Reviewing the guest list for the show, it’s clear that a lot of thought went into how they could best curate the space. Diversity occurred on multiple levels. There’s the obvious mix of new artists and more popular draws, but that’s only the surface. Looking around at who was creating these comics it was clear that the convention had purposefully sought out artists who could reflect a wide range of experiences. It was one of the most diverse artist’s alley arrangements I have ever witnessed. That is reflected in the work as well with the subjects, styles, and formats really showing off the many possibilities to be found within comics.
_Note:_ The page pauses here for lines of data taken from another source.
lemma edges_outside_nbhd_eq:
  "edges_outside_nbhd E w = total_degree E - 2 * neighbour_degree_sum E w + nbhd_edges E w"
proof -
  have "edges_outside_nbhd E w
      = (\<Sum>u\<in>UNIV. \<Sum>v\<in>UNIV. adj E u v) - (\<Sum>u\<in>UNIV. \<Sum>v\<in>UNIV. adj E u v * adj E w u)
        - (\<Sum>u\<in>UNIV. \<Sum>v\<in>UNIV. adj E u v * adj E w v)
        + (\<Sum>u\<in>UNIV. \<Sum>v\<in>UNIV. adj E u v * adj E w u * adj E w v)"
    unfolding edges_outside_nbhd_def
    by (simp add: algebra_simps sum.distrib sum_subtractf)
  moreover have "(\<Sum>u\<in>UNIV. \<Sum>v\<in>UNIV. adj E u v * adj E w u) = neighbour_degree_sum E w"
    by (simp add: neighbour_degree_sum_def real_degree_eq_row_sum sum_distrib_left mult.commute)
  moreover have "(\<Sum>u\<in>UNIV. \<Sum>v\<in>UNIV. adj E u v * adj E w v) = neighbour_degree_sum E w"
    by (subst sum.swap)
       (simp add: neighbour_degree_sum_def real_degree_eq_column_sum[OF sg] sum_distrib_left mult.commute)
  moreover have "(\<Sum>u\<in>UNIV. \<Sum>v\<in>UNIV. adj E u v * adj E w u * adj E w v) = nbhd_edges E w"
    using sum_nbhd_edges_fst[of w "\<lambda>_. 1"] by (simp add: nbhd_edges_def)
  ultimately show ?thesis
    by (simp add: total_degree_def real_degree_eq_row_sum)
qed

lemma sum_neighbour_degree_sum:
  "(\<Sum>w\<in>UNIV. neighbour_degree_sum E w) = (\<Sum>u\<in>UNIV. (real (degree E u))\<^sup>2)"
  unfolding neighbour_degree_sum_def
  by (subst sum.swap)
     (simp add: sum_distrib_right[symmetric] real_degree_eq_column_sum[OF sg, symmetric] power2_eq_square)

end

context
  fixes E :: "'n::finite \<Rightarrow> 'n \<Rightarrow> bool"
  assumes sg: "simple_graph E" and k4: "K4_free E"
begin

lemma K4_freeD: "E w y \<Longrightarrow> E w u \<Longrightarrow> E w v \<Longrightarrow> E y u \<Longrightarrow> E y v \<Longrightarrow> E u v \<Longrightarrow> False"
  using sg k4 unfolding simple_graph_def K4_free_def by (metis distinct_length_2_or_more distinct_singleton)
That’s why I love well-curated conventions like DiNK. The self-care aspect evolves naturally from the passion and care put into presenting the comics medium. It doesn’t matter who you are walking into DiNK, whether you’re a veteran of the weekly superhero grind or just discovering your first comic book, it wants to show you more. That makes shows like this precious, as I’ve only encountered a handful that really pull of the task.
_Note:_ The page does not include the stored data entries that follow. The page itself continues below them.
lemma sc_cases:
  assumes "v \<noteq> []"
  obtains "v \<in> L" "sc L v = [v]"
  | p q where "v \<notin> L" "first_occ L v p q" "p < q" "q < length v" "fac v p q \<in> ddot L"
      "sc L v = take q v # fac v p q # sc L (drop (Suc p) v)"
proof (cases "v \<in> L")
  case True
  then show ?thesis using that sc_in_L by auto
next
  case False
  then obtain p q where first: "first_occ L v p q"
    using first_occ_exists[OF assms] by blast
  then have occ: "(p, q) \<in> occ_set L v"
    by (simp add: first_occ_def)
  then have "p < q" "q < length v" "fac v p q \<in> ddot L"
    using occ_set_less[OF occ] by (auto simp: occ_set_def)
  then show ?thesis
    using that(2)[OF False first _ _ _ sc_first_occ[OF first]] by blast
qed

lemma sc_nonempty: "sc L v \<noteq> []"
  by (simp add: sc_def)

lemma sc_coordinates:
  "v \<noteq> [] \<Longrightarrow> set (sc L v) \<subseteq> L \<union> ddot L \<and> hd (sc L v) \<in> L \<and> last (sc L v) \<in> L"
proof (induction "length v" arbitrary: v rule: less_induct)
  case less
  show ?case
  proof (cases rule: sc_cases[OF less.prems])
    case (2 p q)
    then have "drop (Suc p) v \<noteq> []" "length (drop (Suc p) v) < length v"
      by auto
    then have "set (sc L (drop (Suc p) v)) \<subseteq> L \<union> ddot L \<and> last (sc L (drop (Suc p) v)) \<in> L"
      using less by blast
    then show ?thesis
      using 2 sc_nonempty[of "drop (Suc p) v"] unfolding first_occ_def by auto
  qed simp
qed

lemma hd_sc_in_L: "v \<noteq> [] \<Longrightarrow> hd (sc L v) \<in> L"
  and last_sc_in_L: "v \<noteq> [] \<Longrightarrow> last (sc L v) \<in> L"
  and set_sc_subset: "v \<noteq> [] \<Longrightarrow> set (sc L v) \<subseteq> L \<union> ddot L"
  using sc_coordinates by blast+

lemma sc_not_in_L:
  assumes "v \<noteq> []" "v \<notin> L"
  shows "tl (sc L v) \<noteq> []" "butlast (sc L v) \<noteq> []"
  using assms by (cases rule: sc_cases[OF assms(1)]; simp add: sc_nonempty)+

lemma occ_set_append_in_L:
  assumes "x \<in> L" "(p, q) \<in> occ_set L (u @ x)"
  shows "p < length u"
proof (rule ccontr)
  assume "\<not> p < length u"
  with assms(2) have "fac (u @ x) p q = fac x (p - length u) (q - length u)"
    "p - length u \<le> q - length u" "q - length u < length x"
    by (auto simp: occ_set_def fac_append_right)
  then show False
    using factorial_lang_fac[OF factorial assms(1)] assms(2) by (auto simp: occ_set_def ddot_def)
qed

lemma first_occ_append:
  assumes "first_occ L x p q"
  shows "first_occ L (x @ y) p q"
proof -
  have "q < length x"
    using assms by (simp add: first_occ_def occ_set_def)
  then show ?thesis
    using assms occ_set_append_left[of p q L x y] by (simp add: first_occ_def)
qed

lemma sc_append_first_occ:
  assumes "first_occ L x p q"
  shows "sc L (x @ y) = take q x # fac x p q # sc L (drop (Suc p) x @ y)"
proof -
  have occ: "(p, q) \<in> occ_set L x"
    using assms by (simp add: first_occ_def)
  then have "Suc p \<le> length x" "q < length x"
    using occ_set_less[OF occ] by (auto simp: occ_set_def)
  then show ?thesis
    using sc_first_occ[OF first_occ_append[OF assms]] by (simp add: fac_append_left)
qed

lemma sc_append_hd:
  assumes "z \<noteq> []"
  shows "sc L (u @ z) = sc L (u @ hd (sc L z)) @ tl (sc L z)"
proof (cases "z \<in> L")
  case True
  then show ?thesis by (simp add: sc_in_L)
next
  case False
  then obtain p q where first: "first_occ L z p q" and "p < q" "q < length z"
    and sc_z: "sc L z = take q z # fac z p q # sc L (drop (Suc p) z)"
    by (cases rule: sc_cases[OF assms]) auto
  define z0 where "z0 = take q z"
  have z0: "hd (sc L z) = z0" "z0 \<noteq> []" "z0 \<in> L" "z = z0 @ drop q z"
    using sc_z first \<open>p < q\<close> \<open>q < length z\<close> by (auto simp: z0_def first_occ_def)
  show ?thesis
  proof (induction "length u" arbitrary: u rule: less_induct)
    case less
    show ?case
    proof (cases "u @ z0 \<in> L")
      case True
      have "first_occ L (u @ z) (p + length u) (q + length u)"
        using first True occ_set_append_right unfolding first_occ_def z0_def by auto
      then show ?thesis
        using sc_first_occ sc_z True sc_in_L z0 \<open>p < q\<close> by (simp add: fac_append_right z0_def)
    next
      case False
      have "u @ z0 \<noteq> []"
        using z0(2) by simp
      then obtain p' q' where first': "first_occ L (u @ z0) p' q'"
        and sc_uz0: "sc L (u @ z0) = take q' (u @ z0) # fac (u @ z0) p' q'
            # sc L (drop (Suc p') (u @ z0))"
        using False by (cases rule: sc_cases) simp_all
      have "p' < length u"
        using first' occ_set_append_in_L[OF z0(3)] unfolding first_occ_def by blast
      have "sc L (u @ z) = sc L ((u @ z0) @ drop q z)"
        using z0(4) by simp
      also have "\<dots> = take q' (u @ z0) # fac (u @ z0) p' q' # sc L (drop (Suc p') u @ z)"
        using sc_append_first_occ[OF first', of "drop q z"] \<open>p' < length u\<close>
        by (simp add: z0(4)[symmetric])
      also have "sc L (drop (Suc p') u @ z) = sc L (drop (Suc p') u @ z0) @ tl (sc L z)"
        using less \<open>p' < length u\<close> z0(1) by simp
      finally show ?thesis
        using sc_uz0 z0(1) \<open>p' < length u\<close> by simp
    qed
  qed
qed

lemma sc_append_last:
  "w \<noteq> [] \<Longrightarrow> sc L (w @ u) = butlast (sc L w) @ sc L (last (sc L w) @ u)"
proof (induction "length w" arbitrary: w rule: less_induct)
  case less
  show ?case
  proof (cases rule: sc_cases[OF less.prems])
    case (2 p q)
    let ?w = "drop (Suc p) w"
    have "sc L (w @ u) = take q w # fac w p q # sc L (?w @ u)"
      using sc_append_first_occ 2 by simp
    also have "sc L (?w @ u) = butlast (sc L ?w) @ sc L (last (sc L ?w) @ u)"
      using less 2 by simp
    finally show ?thesis
      using 2 sc_nonempty[of ?w] by simp
  qed simp
qed

end

lemma gprod_Nil [simp]: "gprod G [] = \<one>\<^bsub>G\<^esub>"
  and gprod_Cons [simp]: "gprod G (x # xs) = x \<otimes>\<^bsub>G\<^esub> gprod G xs"
  by (simp_all add: gprod_def)

context group
begin

lemma gprod_closed: "set xs \<subseteq> carrier G \<Longrightarrow> gprod G xs \<in> carrier G"
  by (induction xs) auto

lemma gprod_append:
  "set xs \<subseteq> carrier G \<Longrightarrow> set ys \<subseteq> carrier G \<Longrightarrow> gprod G (xs @ ys) = gprod G xs \<otimes> gprod G ys"
  by (induction xs) (auto simp: m_assoc gprod_closed)

end

section \<open>Words with group letters\<close>

lemma takeWhile_isl_Inl_Inr: "takeWhile isl (map Inl a @ Inr g # ys) = map Inl a"
  by (induction a) auto

lemma dropWhile_isl_Inl_Inr: "dropWhile isl (map Inl a @ Inr g # ys) = Inr g # ys"
  by (induction a) auto

lemma projl_comp_Inl [simp]: "projl \<circ> Inl = id"
  by auto

lemma not_list_all_isl_Inr: "\<not> list_all isl (map Inl a @ Inr g # ys)"
  by (induction a) auto

lemma rev_takeWhile_isl_rev: "rev (takeWhile isl (rev (ys @ Inr g # map Inl b))) = map Inl b"
proof -
  have "rev (ys @ Inr g # map Inl b) = map Inl (rev b) @ Inr g # rev ys"
    by (simp add: rev_map)
  then show ?thesis
    by (simp add: takeWhile_isl_Inl_Inr rev_map)
qed

lemma gmerge_Inl_append: "gmerge G (map Inl a @ xs) = map Inl a @ gmerge G xs"
  by (induction a) auto

lemma gmerge_Inr_Inl: "gmerge G (Inr g # map Inl b) = Inr g # map Inl b"
  using gmerge_Inl_append[of G b "[]"] by (cases b) auto

lemma hatruns_block: "c \<noteq> [] \<Longrightarrow> hatruns h (map Inl c @ [Inr g]) = [Inr (h c), Inr g]"
  using takeWhile_isl_Inl_Inr[of "tl c" g "[]"] dropWhile_isl_Inl_Inr[of "tl c" g "[]"]
  by (cases c) simp_all

lemma fcheck_Inl: "fcheck G L f (map Inl v) = fcheckA G L f v"
  by (simp add: fcheck_def list_all_iff)

lemma fcheck_one_group_letter:
  "fcheck G L f (map Inl a @ Inr g # map Inl b) = gmerge G (fgrave G L f a @ Inr g # facute G L f b)"
proof -
  let ?x = "map Inl a @ Inr g # map Inl b"
  have mid: "drop (length (map Inl a :: ('a + 'g) list))
      (take (length ?x - length (map Inl b :: ('a + 'g) list)) ?x) = [Inr g]"
    by simp
  show ?thesis
    unfolding fcheck_def using not_list_all_isl_Inr[of a g "map Inl b"]
    by (simp only: Let_def takeWhile_isl_Inl_Inr rev_takeWhile_isl_rev mid if_False map_map projl_comp_Inl list.map_id)
      simp
qed

lemma fcheck_two_group_letters:
  assumes "c \<noteq> []"
  shows "fcheck G L f (map Inl a @ Inr g # map Inl c @ Inr h # map Inl b)
    = gmerge G (fgrave G L f a @ Inr g # Inr (fhat G L f c) # Inr h # facute G L f b)"
proof -
  let ?x = "map Inl a @ Inr g # map Inl c @ Inr h # map Inl b"
  have mid: "drop (length (map Inl a :: ('a + 'g) list))
      (take (length ?x - length (map Inl b :: ('a + 'g) list)) ?x) = Inr g # map Inl c @ [Inr h]"
    by simp
  have "rev (takeWhile isl (rev ?x)) = map Inl b"
    using rev_takeWhile_isl_rev[of "map Inl a @ Inr g # map Inl c" h b] by simp
  then show ?thesis
    unfolding fcheck_def using not_list_all_isl_Inr[of a g "map Inl c @ Inr h # map Inl b"] assms
    by (simp only: Let_def takeWhile_isl_Inl_Inr mid if_False map_map projl_comp_Inl list.map_id)
      (simp add: hatruns_block)
qed

section \<open>The maps hat-f and check-f\<close>

locale coordinate_map = factorial_language L + group G
  for L :: "'a list set" and G :: "('g, 'b) monoid_scheme" (structure) +
  fixes f :: "'a list \<Rightarrow> 'g"
  assumes f_closed: "v \<in> L \<union> ddot L \<Longrightarrow> f v \<in> carrier G"
begin

lemma f_sc_closed: "v \<noteq> [] \<Longrightarrow> set ys \<subseteq> set (sc L v) \<Longrightarrow> set (map f ys) \<subseteq> carrier G"
  using set_sc_subset f_closed by fastforce

lemma fhat_eq_gprod_sc: "v \<noteq> [] \<Longrightarrow> fhat G L f v = gprod G (map f (sc L v))"
  using f_closed by (cases "v \<in> L") (simp_all add: fhat_def sc_in_L)

lemma fhat_append_hd:
  assumes "w \<noteq> []" "z \<noteq> []"
  shows "fhat G L f (w @ z) = fhat G L f (w @ hd (sc L z)) \<otimes> inv (f (hd (sc L z))) \<otimes> fhat G L f z"
proof -
  let ?z0 = "hd (sc L z)" and ?t = "gprod G (map f (tl (sc L z)))"
  let ?x = "fhat G L f (w @ ?z0)"
  have sc_z: "sc L z = ?z0 # tl (sc L z)"
    using sc_nonempty by simp
  have closed: "set (map f (sc L (w @ ?z0))) \<subseteq> carrier G" "set (map f (tl (sc L z))) \<subseteq> carrier G"
    "f ?z0 \<in> carrier G"
    using f_sc_closed[of "w @ ?z0"] f_sc_closed[OF assms(2) set_tl_subset] hd_sc_in_L[OF assms(2)]
      f_closed assms(1) by auto
  then have "?x \<in> carrier G" "?t \<in> carrier G"
    using fhat_eq_gprod_sc assms(1) gprod_closed by auto
  have "fhat G L f (w @ z) = ?x \<otimes> ?t"
    using fhat_eq_gprod_sc assms closed sc_append_hd[OF assms(2), of w] by (simp add: gprod_append)
  moreover have "fhat G L f z = f ?z0 \<otimes> ?t"
    using fhat_eq_gprod_sc[OF assms(2)] sc_z by (metis gprod_Cons list.simps(9))
  moreover have "inv (f ?z0) \<otimes> (f ?z0 \<otimes> ?t) = ?t"
    using closed \<open>?t \<in> carrier G\<close> by (simp add: m_assoc[symmetric])
  ultimately show ?thesis
    using closed \<open>?x \<in> carrier G\<close> \<open>?t \<in> carrier G\<close> by (simp add: m_assoc)
qed

lemma fhat_append_last:
  assumes "w \<noteq> []" "z \<noteq> []"
  shows "fhat G L f (w @ z) = fhat G L f w \<otimes> inv (f (last (sc L w))) \<otimes> fhat G L f (last (sc L w) @ z)"
proof -
  let ?wm = "last (sc L w)" and ?b = "gprod G (map f (butlast (sc L w)))"
  let ?y = "fhat G L f (?wm @ z)"
  have closed: "set (map f (butlast (sc L w))) \<subseteq> carrier G" "f ?wm \<in> carrier G"
    "set (map f (sc L (?wm @ z))) \<subseteq> carrier G"
    using f_sc_closed[OF assms(1) set_butlast_subset] f_sc_closed[of "?wm @ z"]
      last_sc_in_L[OF assms(1)] f_closed assms(2) by auto
  then have "?y \<in> carrier G" "?b \<in> carrier G"
    using fhat_eq_gprod_sc assms(2) gprod_closed by auto
  have "fhat G L f (w @ z) = ?b \<otimes> ?y"
    using fhat_eq_gprod_sc assms closed sc_append_last[OF assms(1), of z] by (simp add: gprod_append)
  moreover have "fhat G L f w = ?b \<otimes> f ?wm"
  proof -
    have "map f (sc L w) = map f (butlast (sc L w) @ [?wm])"
      unfolding append_butlast_last_id[OF sc_nonempty] ..
    then show ?thesis
      using fhat_eq_gprod_sc[OF assms(1)] closed gprod_append[of _ "[f ?wm]"] by simp
  qed
  moreover have "f ?wm \<otimes> (inv (f ?wm) \<otimes> ?y) = ?y"
    using closed \<open>?y \<in> carrier G\<close> by (simp add: m_assoc[symmetric])
  ultimately show ?thesis
    using closed \<open>?y \<in> carrier G\<close> \<open>?b \<in> carrier G\<close> by (simp add: m_assoc)
qed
It also reminds me of why I’m grateful for a site like Your Chicken Enemy where people can encounter a similar level of curation and care, especially if they can’t afford to travel. There’s very little space or money in the already cramped and poor world of comics journalism, so any site that can boost comics like Nimue is just as precious of a gem as DiNK. They both require dedicated and passionate individuals willing to put some skin in the game to push interesting work. Those people are the reason I’ll keep traveling to small press conventions and clicking on this site.